Harrison presses his lips together, pushes his palms against the floor. He looks away from us and for once I get the impression that he is really, truly trying not to cry and it’s not half-hearted or anything, his body shakes with the effort. Even Trace is quieted by it. He tries to take it all back when it’s too late.

“Harrison, I was just fucking with you…”

“No, you weren’t. It’s nothing. I thought it could be something, I mean, eventually.” He finally looks at us. “My life. I thought—but I mean … it’s nothing.”

Cary groans. “Please shut up.”

“But I still want it to be something,” Harrison says. A single tear trails down his cheek. “That’s stupid, isn’t it? And now it’s too late to do anything about it.”

Cary buries his head in his hands. No one does or says anything for a long time and then Grace scoots over to Harrison. Her nose and cheeks are a warm red from the whiskey. She wraps an arm around him and he starts to cry in earnest.

“Don’t cry,” she says. “You have a lot of time.”

“No, I don’t.”

“Yeah, you do.”

“No—”

“Yeah! Yeah, you do. It’s okay. Look—”

She does something that is amazingly selfless and also gross. She tilts Harrison’s face up and gives him a sweet kiss on the lips and it lasts long enough for him to taste her back, to move his mouth against hers. Trace regards her proudly and when it’s over, Harrison stares at her dumbfounded but he’s stopped crying.

She is so nice.

Cary makes a disgusted noise and struggles to his feet. “Well, this was fun until Harrison started crying, but hey. That’s what he does, right? Thanks, Harrison.”

This brings Harrison back. “I didn’t—”

“Yeah, you did.”

“What the fuck is your problem?” Trace asks. “Let the kid cry if he needs to.”

“That’s all we let Harrison do! I don’t want to
dwell.
” Cary rubs his eyes. “I’m tired of dwelling. I just wanted to get totally wasted and—”

“You’re there,” Rhys tells him.

“It was just sharing,” I say. “That’s all he did.”

“Yeah, but not—” Cary gestures to Harrison. It throws him off balance. He sways precariously for a second before steadying himself. “Not
that.
We didn’t need to hear it. I didn’t want to hear it. It’s fucking pathetic…”

“I’m sorry,” Harrison says. “I didn’t mean to—”

“He can fucking dwell if he wants to,” Trace says. “I never see
you
dwell.”

“Oh, let me guess,” Cary replies. “The next words out of your mouth are going to be something about your dead parents that I killed because I’m a murderer.”

“Yeah, something like that. Exactly like that actually.”

They stare at each other. I watch Trace. He holds Cary’s gaze, unblinking. Cary caves first and he does it in a way I don’t expect, that I don’t think any of us expect. He curls his hand into a fist and presses it against his forehead.

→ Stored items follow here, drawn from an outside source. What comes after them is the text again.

lemma genus_diff_insert_cleared:
  assumes "finite A" "finite B" "\<alpha> \<notin> A" "z \<noteq> 0" "z \<notin> a ` A" "z \<notin> b ` B" "0 \<notin> a ` A" "0 \<notin> b ` B"
  shows "(genus_X (Suc k) (insert \<alpha> A) B (a(\<alpha> := z)) b t - genus_Xdual (Suc k) (insert \<alpha> A) B (a(\<alpha> := z)) b t)
         * ((\<Prod>l\<in>B. z - b l) * (\<Prod>j\<in>A. z - a j)) = cleared_genus_diff k A B a b t z"
proof -
  let ?D = "(\<Prod>l\<in>B. z - b l) * (\<Prod>j\<in>A. z - a j)"
  have split_A: "(\<Prod>j\<in>A. z - a j) = (\<Prod>j\<in>A - I. z - a j) * (\<Prod>i\<in>I. z - a i)" if "I \<subseteq> A" for I
    using that assms(1) by (rule prod.subset_diff)
  have cancel_A: "(\<Prod>i\<in>I. hirz_factor t (z / a i)) * (\<Prod>i\<in>I. z - a i) = (\<Prod>i\<in>I. t * z - a i)"
    if "I \<subseteq> A" for I
    using that assms by (intro prod_hirz_factor_cancel_num) (auto simp: image_iff)
  have X_out: "contrib_X (insert \<alpha> A) B (a(\<alpha> := z)) b t I * ?D
      = contrib_X A B a b t I * ((\<Prod>i\<in>I. t * z - a i) * (\<Prod>j\<in>A - I. z - a j) * (\<Prod>l\<in>B. z - b l))"
    if "I \<subseteq> A" for I
    unfolding contrib_X_insert_A[OF assms(1,3) that] split_A[OF that] cancel_A[OF that, symmetric]
    by (simp add: ac_simps)
  have X_in: "contrib_X (insert \<alpha> A) B (a(\<alpha> := z)) b t (insert \<alpha> I) * ?D
      = contrib_X A B a b t I * ((\<Prod>i\<in>I. z - a i) * (\<Prod>j\<in>A - I. z - t * a j) * (\<Prod>l\<in>B. t * z - b l))"
    if "I \<subseteq> A" for I
  proof -
    have cancel_A: "(\<Prod>j\<in>A - I. hirz_factor t (a j / z)) * (\<Prod>j\<in>A - I. z - a j) = (\<Prod>j\<in>A - I. z - t * a j)"
      using assms by (intro prod_hirz_factor_cancel_den) (auto simp: image_iff)
    have cancel_B: "(\<Prod>l\<in>B. hirz_factor t (z / b l)) * (\<Prod>l\<in>B. z - b l) = (\<Prod>l\<in>B. t * z - b l)"
      using assms by (intro prod_hirz_factor_cancel_num) (auto simp: image_iff)
    show ?thesis
      unfolding contrib_X_insert_A_insert[OF assms(1,3) that] split_A[OF that]
        cancel_A[symmetric] cancel_B[symmetric]
      by (simp add: ac_simps)
  qed
  have Xdual: "contrib_Xdual (insert \<alpha> A) B (a(\<alpha> := z)) b t J * ?D
      = contrib_Xdual A B a b t J * ((\<Prod>l\<in>J. t * z - b l) * (\<Prod>l\<in>B - J. z - b l) * (\<Prod>j\<in>A. z - a j))"
    if "J \<subseteq> B" for J
  proof -
    have cancel_J: "(\<Prod>l\<in>J. hirz_factor t (z / b l)) * (\<Prod>l\<in>J. z - b l) = (\<Prod>l\<in>J. t * z - b l)"
      using that assms by (intro prod_hirz_factor_cancel_num) (auto simp: image_iff)
    have split_B: "(\<Prod>l\<in>B. z - b l) = (\<Prod>l\<in>B - J. z - b l) * (\<Prod>l\<in>J. z - b l)"
      using that assms(2) by (rule prod.subset_diff)
    show ?thesis
      unfolding contrib_Xdual_insert_A[OF assms(1,3)] split_B cancel_J[symmetric]
      by (simp add: ac_simps)
  qed
  show ?thesis
    unfolding genus_X_def genus_Xdual_def cleared_genus_diff_def sum_subsets_of_card_Suc_insert[OF assms(1,3)]
      left_diff_distrib distrib_right sum_distrib_right
    by (intro arg_cong2[where f = "(-)"] arg_cong2[where f = "(+)"] sum.cong refl X_out X_in Xdual) auto
qed

lemma cleared_genus_diff_at_b:
  assumes "finite A" "finite B" "m \<notin> B" "b m \<noteq> 0" "b m \<notin> a ` A" "b m \<notin> b ` B" "0 \<notin> b ` B"
  shows "cleared_genus_diff k A (insert m B) a b t (b m)
       = (\<Prod>j\<in>A. b m - t * a j) * (\<Prod>l\<in>insert m B. t * b m - b l)
         * (genus_X k A B a b t - genus_Xdual k A B a b t)"
proof -
  let ?K = "(\<Prod>j\<in>A. b m - t * a j) * (\<Prod>l\<in>insert m B. t * b m - b l)"
  have cancel_A: "(\<Prod>i\<in>I. hirz_factor t (a i / b m)) * (\<Prod>i\<in>I. b m - a i) = (\<Prod>i\<in>I. b m - t * a i)"
    if "I \<subseteq> A" for I
    using that assms by (intro prod_hirz_factor_cancel_den) (auto simp: image_iff)
  have X: "contrib_X A (insert m B) a b t I
        * ((\<Prod>i\<in>I. b m - a i) * (\<Prod>j\<in>A - I. b m - t * a j) * (\<Prod>l\<in>insert m B. t * b m - b l))
      = ?K * contrib_X A B a b t I"
    if "I \<subseteq> A" for I
    unfolding contrib_X_insert_B[OF assms(2,3)] prod.subset_diff[OF that assms(1)] cancel_A[OF that, symmetric]
    by (simp add: ac_simps)
  have Xdual: "contrib_Xdual A (insert m B) a b t (insert m J)
        * ((\<Prod>l\<in>insert m J. t * b m - b l) * (\<Prod>l\<in>insert m B - insert m J. b m - b l) * (\<Prod>j\<in>A. b m - a j))
      = ?K * contrib_Xdual A B a b t J"
    if "J \<subseteq> B" for J
  proof -
    have J: "finite J" "m \<notin> J" "insert m B - insert m J = B - J"
      using that assms(2,3) by (auto intro: finite_subset)
    have cancel_B: "(\<Prod>j\<in>B - J. hirz_factor t (b m / b j)) * (\<Prod>j\<in>B - J. b m - b j) = (\<Prod>j\<in>B - J. t * b m - b j)"
      using assms by (intro prod_hirz_factor_cancel_num) (auto simp: image_iff)
    have cancel_A: "(\<Prod>i\<in>A. hirz_factor t (a i / b m)) * (\<Prod>i\<in>A. b m - a i) = (\<Prod>i\<in>A. b m - t * a i)"
      using assms by (intro prod_hirz_factor_cancel_den) (auto simp: image_iff)
    show ?thesis
      unfolding contrib_Xdual_insert_B_insert[OF assms(2,3) that] J(3) prod.insert[OF J(1,2)]
        prod.insert[OF assms(2,3)] prod.subset_diff[OF that assms(2)] cancel_A[symmetric] cancel_B[symmetric]
      by (simp add: ac_simps)
  qed
  have vanish_X: "(\<Sum>I\<in>subsets_of_card (Suc k) A. contrib_X A (insert m B) a b t I
        * ((\<Prod>i\<in>I. t * b m - a i) * (\<Prod>j\<in>A - I. b m - a j) * (\<Prod>l\<in>insert m B. b m - b l))) = 0"
    using assms(2,3) by simp
  have vanish_Xdual: "(\<Sum>J\<in>subsets_of_card (Suc k) B. contrib_Xdual A (insert m B) a b t J
        * ((\<Prod>l\<in>J. t * b m - b l) * (\<Prod>l\<in>insert m B - J. b m - b l) * (\<Prod>j\<in>A. b m - a j))) = 0"
  proof (intro sum.neutral ballI)
    fix J assume "J \<in> subsets_of_card (Suc k) B"
    then have "(\<Prod>l\<in>insert m B - J. b m - b l) = 0"
      using assms(2,3) by (subst prod_zero_iff) auto
    then show "contrib_Xdual A (insert m B) a b t J
        * ((\<Prod>l\<in>J. t * b m - b l) * (\<Prod>l\<in>insert m B - J. b m - b l) * (\<Prod>j\<in>A. b m - a j)) = 0"
      by simp
  qed
  show ?thesis
    unfolding cleared_genus_diff_def sum_subsets_of_card_Suc_insert[OF assms(2,3)] vanish_X vanish_Xdual
      genus_X_def genus_Xdual_def right_diff_distrib sum_distrib_left add_0_left
    by (intro arg_cong2[where f = "(-)"] sum.cong refl X Xdual) auto
qed

lemma cleared_genus_diff_at_b_over_t:
  fixes a b :: "'i \<Rightarrow> 'a::field"
  assumes "finite A" "finite B" "m \<notin> B" "b m \<noteq> 0" "b m \<notin> a ` A" "b m \<notin> b ` B" "t * w = b m"
  shows "cleared_genus_diff k A (insert m B) a b t w
       = t ^ Suc k * (\<Prod>j\<in>A. w - a j) * (\<Prod>l\<in>insert m B. w - b l)
         * (genus_X (Suc k) A B a b t - genus_Xdual (Suc k) A B a b t)"
proof -
  let ?K = "t ^ Suc k * (\<Prod>j\<in>A. w - a j) * (\<Prod>l\<in>insert m B. w - b l)"
  have scale: "(\<Prod>i\<in>S. b m - t * c i) = t ^ card S * (\<Prod>i\<in>S. w - c i)" for S and c :: "'i \<Rightarrow> 'a"
    by (simp add: assms(7)[symmetric] prod.distrib flip: right_diff_distrib)
  have X: "contrib_X A (insert m B) a b t I
        * ((\<Prod>i\<in>I. t * w - a i) * (\<Prod>j\<in>A - I. w - a j) * (\<Prod>l\<in>insert m B. w - b l))
      = ?K * contrib_X A B a b t I"
    if "I \<subseteq> A" "card I = Suc k" for I
  proof -
    have "(\<Prod>i\<in>I. hirz_factor t (a i / b m)) * (\<Prod>i\<in>I. b m - a i) = t ^ Suc k * (\<Prod>i\<in>I. w - a i)"
      using that assms by (subst prod_hirz_factor_cancel_den) (auto simp: image_iff scale)
    then show ?thesis
      unfolding contrib_X_insert_B[OF assms(2,3)] prod.subset_diff[OF that(1) assms(1)] assms(7)
      by (simp add: ac_simps)
  qed
  have Xdual: "contrib_Xdual A (insert m B) a b t J
        * ((\<Prod>l\<in>J. t * w - b l) * (\<Prod>l\<in>insert m B - J. w - b l) * (\<Prod>j\<in>A. w - a j))
      = ?K * contrib_Xdual A B a b t J"
    if "J \<subseteq> B" "card J = Suc k" for J
  proof -
    have "(\<Prod>l\<in>J. hirz_factor t (b l / b m)) * (\<Prod>l\<in>J. b m - b l) = t ^ Suc k * (\<Prod>l\<in>J. w - b l)"
      using that assms by (subst prod_hirz_factor_cancel_den) (auto simp: image_iff scale)
    moreover have "insert m B - J = insert m (B - J)" "m \<notin> B - J" "finite (B - J)"
      using that assms(2,3) by auto
    ultimately show ?thesis
      unfolding contrib_Xdual_insert_B[OF assms(2,3) that(1)] prod.insert[OF assms(2,3)]
        prod.subset_diff[OF that(1) assms(2)] assms(7)
      by (simp add: ac_simps)
  qed
  have vanish_X: "(\<Sum>I\<in>subsets_of_card k A. contrib_X A (insert m B) a b t I
        * ((\<Prod>i\<in>I. w - a i) * (\<Prod>j\<in>A - I. w - t * a j) * (\<Prod>l\<in>insert m B. t * w - b l))) = 0"
    using assms(2,3,7) by simp
  have vanish_Xdual: "(\<Sum>J\<in>subsets_of_card k B. contrib_Xdual A (insert m B) a b t (insert m J)
        * ((\<Prod>l\<in>insert m J. t * w - b l) * (\<Prod>l\<in>insert m B - insert m J. w - b l) * (\<Prod>j\<in>A. w - a j))) = 0"
  proof (intro sum.neutral ballI)
    fix J assume "J \<in> subsets_of_card k B"
    then have "(\<Prod>l\<in>insert m J. t * w - b l) = 0"
      using assms(2,3,7) by (subst prod_zero_iff) (auto intro: finite_subset)
    then show "contrib_Xdual A (insert m B) a b t (insert m J)
        * ((\<Prod>l\<in>insert m J. t * w - b l) * (\<Prod>l\<in>insert m B - insert m J. w - b l) * (\<Prod>j\<in>A. w - a j)) = 0"
      by simp
  qed
  show ?thesis
    unfolding cleared_genus_diff_def sum_subsets_of_card_Suc_insert[OF assms(2,3)] vanish_X vanish_Xdual
      genus_X_def genus_Xdual_def right_diff_distrib sum_distrib_left add_0_right
    by (intro arg_cong2[where f = "(-)"] sum.cong refl X Xdual) auto
qed

lemma genus_X_eq_genus_Xdual_insert:
  fixes a b :: "'i \<Rightarrow> 'a::field"
  assumes "finite A" "finite B" "\<alpha> \<notin> A" "card B = Suc (card A)"
    and "inj_on a (insert \<alpha> A)" "inj_on b B" "0 \<notin> a ` insert \<alpha> A" "0 \<notin> b ` B"
    and "a ` insert \<alpha> A \<inter> b ` B = {}"
    and "t \<noteq> 0" "\<And>l m. l \<in> B \<Longrightarrow> m \<in> B \<Longrightarrow> t * b l \<noteq> b m"
    and IH: "\<And>m k. m \<in> B \<Longrightarrow> genus_X k A (B - {m}) a b t = genus_Xdual k A (B - {m}) a b t"
  shows "genus_X (Suc k) (insert \<alpha> A) B a b t = genus_Xdual (Suc k) (insert \<alpha> A) B a b t"
proof -
  let ?G = "cleared_genus_diff k A B a b t"
  have B_m: "B = insert m (B - {m})" "finite (B - {m})" "m \<notin> B - {m}" "b m \<noteq> 0"
    "b m \<notin> a ` A" "b m \<notin> b ` (B - {m})" if "m \<in> B" for m
    using that assms(2,5,6,8,9) by (auto simp: inj_on_def)
  have root_b: "?G (b m) = 0" if "m \<in> B" for m
    using cleared_genus_diff_at_b[OF assms(1) B_m(2-6)[OF that], of k t] IH[OF that] B_m(1)[OF that] assms(8)
    by auto
  have root_b_over_t: "?G (b m / t) = 0" if "m \<in> B" for m
    using cleared_genus_diff_at_b_over_t[OF assms(1) B_m(2-6)[OF that], of t "b m / t" k] IH[OF that]
      B_m(1)[OF that] assms(10)
    by auto
  have G_eq_0: "?G z = 0" for z
  proof (rule polyfun_le_eq_0[OF polyfun_le_cleared_genus_diff[OF assms(1,2)]])
    let ?S = "b ` B \<union> (\<lambda>l. b l / t) ` B"
    show "finite ?S"
      using assms(2) by simp
    have "inj_on (\<lambda>l. b l / t) B"
      using assms(6,10) by (auto simp: inj_on_def)
    moreover have "b ` B \<inter> (\<lambda>l. b l / t) ` B = {}"
      using assms(10,11) by (force simp: field_simps)
    ultimately have "card ?S = card B + card B"
      using assms(2,6) by (simp add: card_Un_disjoint card_image)
    then show "card A + card B < card ?S"
      using assms(4) by simp
    show "?G z = 0" if "z \<in> ?S" for z
      using that root_b root_b_over_t by auto
  qed
  have "(\<Prod>l\<in>B. a \<alpha> - b l) * (\<Prod>j\<in>A. a \<alpha> - a j) \<noteq> 0"
    using assms(1-3,5,9) by (auto simp: prod_zero_iff inj_on_def)
  moreover have "(genus_X (Suc k) (insert \<alpha> A) B a b t - genus_Xdual (Suc k) (insert \<alpha> A) B a b t)
      * ((\<Prod>l\<in>B. a \<alpha> - b l) * (\<Prod>j\<in>A. a \<alpha> - a j)) = 0"
    using genus_diff_insert_cleared[OF assms(1-3), of "a \<alpha>" a b k t] G_eq_0 assms(3,5,7,8,9)
    by (auto simp: inj_on_def)
  ultimately show ?thesis
    by simp
qed

lemma continuous_on_hirz_factor [continuous_intros]:
  fixes f :: "'b::topological_space \<Rightarrow> 'a::real_normed_field"
  shows "continuous_on S f \<Longrightarrow> continuous_on S (\<lambda>x. hirz_factor (f x) w)"
  unfolding hirz_factor_def divide_inverse by (intro continuous_intros)

lemma continuous_on_genus_X [continuous_intros]:
  fixes a b :: "'i \<Rightarrow> 'a::real_normed_field"
  shows "continuous_on S (\<lambda>t. genus_X k A B a b t)"
  unfolding genus_X_def contrib_X_def by (intro continuous_intros)

lemma continuous_on_genus_Xdual [continuous_intros]:
  fixes a b :: "'i \<Rightarrow> 'a::real_normed_field"
  shows "continuous_on S (\<lambda>t. genus_Xdual k A B a b t)"
  unfolding genus_Xdual_def contrib_Xdual_def by (intro continuous_intros)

“You think I wanted this,” he says.

“Cary,” Grace starts. “Don’t do this—”

“But you must. You think I wanted it,” he says. “You actually think I wanted to be left
with
you guys,
without
them.” He laughs. “You think I wanted that?
Really?
” He takes a step back. “I didn’t. I loved the idea of—I loved the idea of them.” He lowers his hand. “It shouldn’t have been them. It should have been—”

He stares at us, lost, and I keep waiting for him to finish even though I know he’s never going to finish.
It should’ve been me.
Cary changes for me in that instant. From the boy who is crazy good at survival stuff to the boy who thinks he should be dead.

He’s finally become someone I understand.

He shakes his head and weaves out of the auditorium. He’s through with us, with everything. I want to follow after him, tell him he’s not alone.

I want to ask him how we can help each other.

Grace catches my eye. She opens her mouth and closes it and then she looks away. She doesn’t look happy anymore. I feel like someone should do something. I guess it should be me. I get to my feet and the world tilts a little.

“I’ll find him.”

“Don’t,” Trace says. “Let him rot.”

Rhys stands. “I’ll go with you.”

I don’t want his company but I guess I’m stuck with it. Rhys is steadier on his feet than I am and when we leave the auditorium, I end up following him. He seems to know where Cary is: the library. He’s slumped over at one of the tables, his head resting in his arms.

“Just leave me alone,” he slurs. “Please.”

“Let us take you back to your mat,” Rhys says.

“Mat. I don’t even have a
bed
anymore. None of us have beds anymore. You realize this, right? We can’t go home. There are no more beds.” He raises his head and looks at us. His eyes are glassy. “We can’t go home, Sloane.”

“That’s okay with me.”

“Why?
This
is the alternative.”

“Okay. Enough.” Rhys stands behind Cary and pulls him to his feet. Cary pushes away from him and says, “I am
not
going back to the auditorium—”

“The nurse’s office, then,” Rhys says.

So we take him there. Cary needs an arm around each of us to stay upright. Taking on his weight slows us down. His legs are uncooperative, jelly, and as we pass a classroom, he detours inside and pukes in a garbage can and then he spits.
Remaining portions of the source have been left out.